+++ Data

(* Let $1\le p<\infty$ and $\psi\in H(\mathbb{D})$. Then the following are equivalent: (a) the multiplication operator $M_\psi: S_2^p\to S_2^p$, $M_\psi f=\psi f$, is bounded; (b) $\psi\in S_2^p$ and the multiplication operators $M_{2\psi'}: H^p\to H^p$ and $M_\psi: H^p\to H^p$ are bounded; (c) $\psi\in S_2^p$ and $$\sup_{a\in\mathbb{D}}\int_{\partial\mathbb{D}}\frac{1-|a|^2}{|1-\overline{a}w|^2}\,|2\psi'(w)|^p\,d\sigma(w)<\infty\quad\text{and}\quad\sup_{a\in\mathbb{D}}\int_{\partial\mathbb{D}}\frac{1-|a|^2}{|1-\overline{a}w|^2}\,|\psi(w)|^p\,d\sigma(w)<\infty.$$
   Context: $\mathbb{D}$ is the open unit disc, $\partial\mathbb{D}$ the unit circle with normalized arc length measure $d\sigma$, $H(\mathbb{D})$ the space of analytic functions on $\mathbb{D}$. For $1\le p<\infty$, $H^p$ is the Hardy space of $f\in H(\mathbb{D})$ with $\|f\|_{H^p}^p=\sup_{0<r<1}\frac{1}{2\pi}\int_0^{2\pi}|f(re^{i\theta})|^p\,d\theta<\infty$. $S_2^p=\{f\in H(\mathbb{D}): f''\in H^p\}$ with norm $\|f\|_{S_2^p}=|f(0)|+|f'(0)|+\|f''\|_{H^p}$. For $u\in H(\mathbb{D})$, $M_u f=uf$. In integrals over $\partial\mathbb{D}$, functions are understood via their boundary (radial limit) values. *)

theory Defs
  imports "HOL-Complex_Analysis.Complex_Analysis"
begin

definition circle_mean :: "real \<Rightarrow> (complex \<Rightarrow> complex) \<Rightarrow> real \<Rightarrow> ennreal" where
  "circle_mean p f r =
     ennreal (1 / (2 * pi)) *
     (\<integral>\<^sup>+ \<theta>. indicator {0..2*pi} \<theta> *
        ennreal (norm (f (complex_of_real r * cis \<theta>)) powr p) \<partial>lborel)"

++++++
+++ Data

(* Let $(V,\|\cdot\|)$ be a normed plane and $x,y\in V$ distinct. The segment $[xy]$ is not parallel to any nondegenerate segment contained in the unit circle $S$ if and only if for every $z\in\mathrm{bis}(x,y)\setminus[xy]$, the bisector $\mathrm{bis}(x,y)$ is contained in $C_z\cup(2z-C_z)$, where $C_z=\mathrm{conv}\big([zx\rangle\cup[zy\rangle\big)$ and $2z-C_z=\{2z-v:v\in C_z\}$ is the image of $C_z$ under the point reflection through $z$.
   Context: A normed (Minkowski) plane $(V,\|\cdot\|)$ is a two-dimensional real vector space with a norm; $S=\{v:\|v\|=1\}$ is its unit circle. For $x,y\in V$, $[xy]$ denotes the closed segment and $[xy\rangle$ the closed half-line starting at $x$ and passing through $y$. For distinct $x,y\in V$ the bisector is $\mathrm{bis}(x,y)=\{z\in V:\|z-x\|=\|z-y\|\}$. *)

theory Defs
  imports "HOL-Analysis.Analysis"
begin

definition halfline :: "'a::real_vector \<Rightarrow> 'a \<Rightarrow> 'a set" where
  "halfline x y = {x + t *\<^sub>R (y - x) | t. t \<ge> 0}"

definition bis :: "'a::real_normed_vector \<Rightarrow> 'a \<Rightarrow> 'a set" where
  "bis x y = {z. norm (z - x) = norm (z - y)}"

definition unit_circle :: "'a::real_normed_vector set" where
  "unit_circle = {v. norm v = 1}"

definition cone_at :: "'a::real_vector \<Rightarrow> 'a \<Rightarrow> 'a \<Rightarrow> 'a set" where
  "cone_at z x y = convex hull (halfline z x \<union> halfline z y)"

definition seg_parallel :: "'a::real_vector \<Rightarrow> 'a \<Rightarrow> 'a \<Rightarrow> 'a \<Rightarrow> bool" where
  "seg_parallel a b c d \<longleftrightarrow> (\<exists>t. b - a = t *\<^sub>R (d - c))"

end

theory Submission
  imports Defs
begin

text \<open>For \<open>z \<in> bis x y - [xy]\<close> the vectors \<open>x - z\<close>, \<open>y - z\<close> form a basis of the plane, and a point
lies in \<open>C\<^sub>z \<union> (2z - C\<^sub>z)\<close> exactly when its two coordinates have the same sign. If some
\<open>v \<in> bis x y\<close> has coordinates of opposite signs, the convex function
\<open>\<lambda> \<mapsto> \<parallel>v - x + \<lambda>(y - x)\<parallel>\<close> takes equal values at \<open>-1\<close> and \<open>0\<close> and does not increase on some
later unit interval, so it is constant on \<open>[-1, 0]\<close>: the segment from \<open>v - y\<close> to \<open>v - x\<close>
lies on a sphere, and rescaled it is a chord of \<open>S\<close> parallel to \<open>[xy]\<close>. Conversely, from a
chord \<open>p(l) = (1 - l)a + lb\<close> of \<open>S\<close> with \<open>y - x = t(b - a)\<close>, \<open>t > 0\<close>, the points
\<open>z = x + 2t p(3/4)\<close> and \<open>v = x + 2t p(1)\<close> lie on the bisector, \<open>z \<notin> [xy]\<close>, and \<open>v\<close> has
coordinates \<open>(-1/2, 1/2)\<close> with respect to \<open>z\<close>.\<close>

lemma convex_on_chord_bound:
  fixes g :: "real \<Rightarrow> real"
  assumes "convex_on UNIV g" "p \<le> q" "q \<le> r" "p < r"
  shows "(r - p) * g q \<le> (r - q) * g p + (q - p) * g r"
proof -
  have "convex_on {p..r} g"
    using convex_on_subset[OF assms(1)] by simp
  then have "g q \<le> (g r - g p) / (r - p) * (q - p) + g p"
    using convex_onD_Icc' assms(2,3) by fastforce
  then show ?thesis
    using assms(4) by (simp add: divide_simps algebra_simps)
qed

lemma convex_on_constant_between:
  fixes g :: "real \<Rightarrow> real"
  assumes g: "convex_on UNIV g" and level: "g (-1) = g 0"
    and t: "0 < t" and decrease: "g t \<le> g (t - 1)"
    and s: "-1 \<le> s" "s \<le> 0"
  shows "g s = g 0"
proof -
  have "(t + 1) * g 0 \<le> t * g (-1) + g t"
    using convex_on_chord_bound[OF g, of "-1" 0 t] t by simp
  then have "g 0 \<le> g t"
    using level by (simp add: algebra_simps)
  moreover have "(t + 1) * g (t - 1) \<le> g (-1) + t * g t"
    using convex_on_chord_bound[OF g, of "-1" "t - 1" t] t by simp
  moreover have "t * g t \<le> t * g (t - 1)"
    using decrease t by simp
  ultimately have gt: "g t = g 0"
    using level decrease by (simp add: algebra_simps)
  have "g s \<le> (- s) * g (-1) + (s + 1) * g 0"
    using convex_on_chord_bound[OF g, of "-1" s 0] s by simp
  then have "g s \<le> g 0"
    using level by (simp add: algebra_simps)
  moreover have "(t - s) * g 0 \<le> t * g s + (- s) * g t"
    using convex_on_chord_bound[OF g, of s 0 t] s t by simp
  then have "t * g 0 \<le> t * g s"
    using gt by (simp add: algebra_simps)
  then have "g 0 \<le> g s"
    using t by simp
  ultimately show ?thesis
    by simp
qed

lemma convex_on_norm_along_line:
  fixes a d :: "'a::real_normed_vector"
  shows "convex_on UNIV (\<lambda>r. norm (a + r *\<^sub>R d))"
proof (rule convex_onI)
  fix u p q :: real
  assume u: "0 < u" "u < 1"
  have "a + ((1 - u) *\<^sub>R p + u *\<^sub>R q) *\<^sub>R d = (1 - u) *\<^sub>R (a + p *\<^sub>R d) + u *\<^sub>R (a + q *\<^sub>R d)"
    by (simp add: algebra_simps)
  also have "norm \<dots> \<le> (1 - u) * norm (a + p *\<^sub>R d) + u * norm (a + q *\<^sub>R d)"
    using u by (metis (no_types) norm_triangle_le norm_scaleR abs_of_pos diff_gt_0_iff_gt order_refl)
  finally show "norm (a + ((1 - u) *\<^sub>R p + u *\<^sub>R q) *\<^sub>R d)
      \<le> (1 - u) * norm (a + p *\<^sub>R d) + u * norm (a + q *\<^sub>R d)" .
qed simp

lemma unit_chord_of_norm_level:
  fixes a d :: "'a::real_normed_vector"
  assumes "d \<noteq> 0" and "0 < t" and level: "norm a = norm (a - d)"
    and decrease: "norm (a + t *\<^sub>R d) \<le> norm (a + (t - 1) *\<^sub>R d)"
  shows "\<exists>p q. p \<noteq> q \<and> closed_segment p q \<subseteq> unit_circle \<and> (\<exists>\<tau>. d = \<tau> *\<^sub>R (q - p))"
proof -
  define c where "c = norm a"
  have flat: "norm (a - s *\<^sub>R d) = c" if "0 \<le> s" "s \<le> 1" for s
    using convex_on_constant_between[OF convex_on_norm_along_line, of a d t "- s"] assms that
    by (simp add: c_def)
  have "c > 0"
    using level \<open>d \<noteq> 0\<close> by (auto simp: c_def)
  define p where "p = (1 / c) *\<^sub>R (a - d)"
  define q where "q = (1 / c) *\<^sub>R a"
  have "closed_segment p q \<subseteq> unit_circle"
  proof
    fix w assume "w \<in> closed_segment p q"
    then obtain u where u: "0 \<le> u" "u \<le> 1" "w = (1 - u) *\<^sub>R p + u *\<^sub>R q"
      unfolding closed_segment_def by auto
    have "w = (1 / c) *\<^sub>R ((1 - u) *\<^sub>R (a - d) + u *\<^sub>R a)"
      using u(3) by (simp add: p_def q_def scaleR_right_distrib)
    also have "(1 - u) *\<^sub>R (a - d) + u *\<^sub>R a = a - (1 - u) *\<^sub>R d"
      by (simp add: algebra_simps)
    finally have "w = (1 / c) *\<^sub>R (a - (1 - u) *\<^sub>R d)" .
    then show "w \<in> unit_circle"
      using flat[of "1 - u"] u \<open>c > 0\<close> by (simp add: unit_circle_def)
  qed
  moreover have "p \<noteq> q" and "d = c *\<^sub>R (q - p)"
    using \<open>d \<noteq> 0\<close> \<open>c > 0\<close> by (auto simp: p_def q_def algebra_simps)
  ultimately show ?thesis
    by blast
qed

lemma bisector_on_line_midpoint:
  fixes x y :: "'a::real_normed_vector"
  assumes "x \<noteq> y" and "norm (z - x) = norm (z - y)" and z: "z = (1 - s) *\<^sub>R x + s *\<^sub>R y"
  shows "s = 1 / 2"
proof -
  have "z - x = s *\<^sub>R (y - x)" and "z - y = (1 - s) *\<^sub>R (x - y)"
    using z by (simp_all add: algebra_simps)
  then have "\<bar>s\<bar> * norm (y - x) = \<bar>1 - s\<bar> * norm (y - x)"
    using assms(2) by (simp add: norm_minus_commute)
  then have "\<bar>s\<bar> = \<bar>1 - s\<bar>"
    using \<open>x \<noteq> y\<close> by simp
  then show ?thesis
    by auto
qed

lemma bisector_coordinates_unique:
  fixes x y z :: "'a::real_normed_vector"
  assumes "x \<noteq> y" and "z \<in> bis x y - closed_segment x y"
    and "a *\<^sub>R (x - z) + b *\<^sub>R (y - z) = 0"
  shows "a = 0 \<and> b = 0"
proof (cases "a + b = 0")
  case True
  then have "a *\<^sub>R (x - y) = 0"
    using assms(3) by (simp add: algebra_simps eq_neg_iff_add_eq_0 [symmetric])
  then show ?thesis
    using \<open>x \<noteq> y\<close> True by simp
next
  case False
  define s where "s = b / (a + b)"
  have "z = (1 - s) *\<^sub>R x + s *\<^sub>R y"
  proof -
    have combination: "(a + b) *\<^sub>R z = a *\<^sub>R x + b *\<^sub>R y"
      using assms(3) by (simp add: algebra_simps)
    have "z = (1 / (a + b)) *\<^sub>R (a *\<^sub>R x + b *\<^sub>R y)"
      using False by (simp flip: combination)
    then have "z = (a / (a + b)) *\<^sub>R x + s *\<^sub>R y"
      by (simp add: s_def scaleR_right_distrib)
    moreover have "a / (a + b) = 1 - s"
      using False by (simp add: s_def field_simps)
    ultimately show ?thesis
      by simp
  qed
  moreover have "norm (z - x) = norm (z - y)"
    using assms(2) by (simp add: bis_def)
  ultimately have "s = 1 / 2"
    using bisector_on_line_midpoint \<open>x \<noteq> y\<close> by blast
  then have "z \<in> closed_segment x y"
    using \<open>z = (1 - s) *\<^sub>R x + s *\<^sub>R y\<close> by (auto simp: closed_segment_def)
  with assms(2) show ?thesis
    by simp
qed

++++++

Please work out the number of lines in the listing that hold "ennreal". Nothing besides the number is wanted.

Task solution »
3